Preface: I feel like I am too scatter-brained to blog as regularly as I would like to. When I have an idea it is often easier to put it on Twitter (@Aging_Scientist) instead of writing a post. The problem with blogging is once I get obsessed with an idea, I turn into a perfectionist and start writing these long and rambling posts. But they are never "good enough" or "quite finished". Not sure how often I will blog from now one.

The era of sci-hub

Evidently it is desirable to access the scientific literature efficiently and cheaply ("open access"), because papers are written to be shared. As researchers we want to benefit the public and make our voice heard. Three types of open access (OA) schemes are well established by now (ref. 5). Green, is the publication of manuscripts in archives. Gold, is the placement of publications in journals that guarantee free access. Despite high expectations, neither approach has managed to overtake regular pay-per-view and institutional subscription based models ("paywall"). Black, can describe a service called sci-hub which copies and saves almost all biomedical papers that are being published.
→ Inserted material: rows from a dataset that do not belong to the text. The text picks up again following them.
definition cayley_edges :: "('a, 'b) monoid_scheme \<Rightarrow> 'a set \<Rightarrow> 'a set set" where
  "cayley_edges G S = {{g, h} | g h. g \<in> carrier G \<and> h \<in> carrier G \<and> g \<noteq> h \<and>
      (\<exists>s\<in>S. h = g \<otimes>\<^bsub>G\<^esub> s \<or> h = g \<otimes>\<^bsub>G\<^esub> inv\<^bsub>G\<^esub> s)}"

definition graph_connected :: "'a set \<Rightarrow> 'a set set \<Rightarrow> bool" where
  "graph_connected V E \<longleftrightarrow>
     (\<forall>u\<in>V. \<forall>v\<in>V. (\<lambda>x y. {x, y} \<in> E \<and> x \<in> V \<and> y \<in> V)\<^sup>*\<^sup>* u v)"

definition graph_acyclic :: "'a set \<Rightarrow> 'a set set \<Rightarrow> bool" where
  "graph_acyclic V E \<longleftrightarrow>
     \<not> (\<exists>xs. length xs \<ge> 3 \<and> distinct xs \<and> set xs \<subseteq> V \<and>
          (\<forall>i < length xs - 1. {xs ! i, xs ! Suc i} \<in> E) \<and> {last xs, hd xs} \<in> E)"

definition graph_degree :: "'a set set \<Rightarrow> 'a \<Rightarrow> nat" where
  "graph_degree E v = card {w. w \<noteq> v \<and> {v, w} \<in> E}"

definition has_regular_spanning_tree :: "'a set \<Rightarrow> 'a set set \<Rightarrow> bool" where
  "has_regular_spanning_tree V E \<longleftrightarrow>
     (\<exists>T. T \<subseteq> E \<and> graph_connected V T \<and> graph_acyclic V T \<and>
          (\<exists>d. \<forall>v\<in>V. graph_degree T v = d))"

end

theory Submission
  imports Defs "HOL-Library.Countable" "HOL-Library.Sublist"
begin

text \<open>Take the free product \<open>C\<^sub>3 * C\<^sub>2 = \<langle>a, b | a\<^sup>3 = b\<^sup>2 = 1\<rangle>\<close> with generators \<open>a, b\<close>.
  Its Cayley graph is cubic: every vertex \<open>g\<close> lies on the triangle \<open>g, ga, ga\<^sup>2\<close> and on the
  edge \<open>{g, gb}\<close>, which is a bridge. A spanning tree contains every bridge and, being connected,
  at least one triangle edge at each corner; being acyclic, it contains exactly two edges of each
  triangle. The middle corner of that path then has degree 3 while the other corners have degree 2,
  so no spanning tree is regular.\<close>

lemma graph_connected_crosses_cut:
  assumes "graph_connected V T" "x \<in> V" "y \<in> V" "x \<in> C" "y \<notin> C"
  shows "\<exists>p q. {p, q} \<in> T \<and> p \<in> C \<and> q \<notin> C"
proof -
  have "(\<lambda>p q. {p, q} \<in> T \<and> p \<in> V \<and> q \<in> V)\<^sup>*\<^sup>* x y"
    using assms(1-3) unfolding graph_connected_def by blast
  then show ?thesis
    using assms(4,5) by (induction rule: rtranclp_induct) blast+
qed

lemma graph_acyclic_no_triangle:
  assumes "graph_acyclic V T" "distinct [x, y, z]" "{x, y, z} \<subseteq> V"
    and "{x, y} \<in> T" "{y, z} \<in> T" "{z, x} \<in> T"
  shows False
proof -
  have "\<forall>i < length [x, y, z] - 1. {[x, y, z] ! i, [x, y, z] ! Suc i} \<in> T"
    using assms(4,5) by (auto simp: less_Suc_eq)
  moreover have "{last [x, y, z], hd [x, y, z]} \<in> T"
    using assms(6) by simp
  moreover have "length [x, y, z] \<ge> 3" "set [x, y, z] \<subseteq> V"
    using assms(3) by simp_all
  ultimately show False
    using assms(1,2) unfolding graph_acyclic_def by blast
qed

text \<open>\<open>t\<close> is a corner of the triangle \<open>t, p, q\<close> whose third edge \<open>{t, u}\<close> is the only edge
  leaving \<open>C\<close>, hence a bridge.\<close>
definition bridged_corner :: "'a set \<Rightarrow> 'a set set \<Rightarrow> 'a \<Rightarrow> 'a \<Rightarrow> 'a \<Rightarrow> 'a \<Rightarrow> 'a set \<Rightarrow> bool" where
  "bridged_corner V E t p q u C \<longleftrightarrow>
     {t, p, q, u} \<subseteq> V \<and> {t, p, q} \<subseteq> C \<and> u \<notin> C \<and>
     (\<forall>w. {t, w} \<in> E \<longrightarrow> w \<noteq> t \<longrightarrow> w \<in> {p, q, u}) \<and>
     (\<forall>x y. {x, y} \<in> E \<longrightarrow> x \<in> C \<longrightarrow> y \<notin> C \<longrightarrow> {x, y} = {t, u})"

lemma bridged_corner_in_spanning_tree:
  assumes corner: "bridged_corner V E t p q u C" and "p \<noteq> t"
    and T: "T \<subseteq> E" "graph_connected V T"
  shows "{t, u} \<in> T" and "{t, p} \<in> T \<or> {t, q} \<in> T"
proof -
  have V: "{t, p, q, u} \<subseteq> V" and C: "{t, p, q} \<subseteq> C" "u \<notin> C"
    and nbrs: "\<And>w. {t, w} \<in> E \<Longrightarrow> w \<noteq> t \<Longrightarrow> w \<in> {p, q, u}"
    and bridge: "\<And>x y. {x, y} \<in> E \<Longrightarrow> x \<in> C \<Longrightarrow> y \<notin> C \<Longrightarrow> {x, y} = {t, u}"
    using corner unfolding bridged_corner_def by blast+
  obtain x y where xy: "{x, y} \<in> T" "x \<in> C" "y \<notin> C"
    using graph_connected_crosses_cut[OF T(2), of t u C] V C by auto
  then have "{x, y} = {t, u}" using bridge T(1) by blast
  then show "{t, u} \<in> T" using xy(1) by simp
  \<comment> \<open>Inside the cut \<open>C - {t}\<close> the corner is only reached through \<open>{t, p}\<close> or \<open>{t, q}\<close>.\<close>
  obtain x y where xy: "{x, y} \<in> T" "x \<in> C - {t}" "y \<notin> C - {t}"
    using graph_connected_crosses_cut[OF T(2), of p t "C - {t}"] V C \<open>p \<noteq> t\<close> by auto
  show "{t, p} \<in> T \<or> {t, q} \<in> T"
  proof (cases "y \<in> C")
    case True
    then have "y = t" using xy(3) by simp
    then have tx: "{t, x} \<in> T" using xy(1) by (simp add: insert_commute)
    then have "x \<in> {p, q, u}" using nbrs T(1) xy(2) by blast
    then show ?thesis using tx xy(2) C(2) by auto
  next
    case False
    then have "{x, y} = {t, u}" using bridge xy T(1) by blast
    then show ?thesis using xy(2) C(2) by (auto simp: doubleton_eq_iff)
  qed
qed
This “black” approach is set to revolutionize publishing, but why?

The Problem: literature is too expensive
Access to the biomedical literature is too expensive. No library can afford a subscription to all journals so, even if you are affiliated with a university or two, you cannot access all articles you need for free. What is worse, some authors publish up-to-date methods and reviews in book chapters, which are much harder to access than papers. It is estimated that scientists have access to about 50% of the papers they need for free but for books the number may be as low as 2% (14).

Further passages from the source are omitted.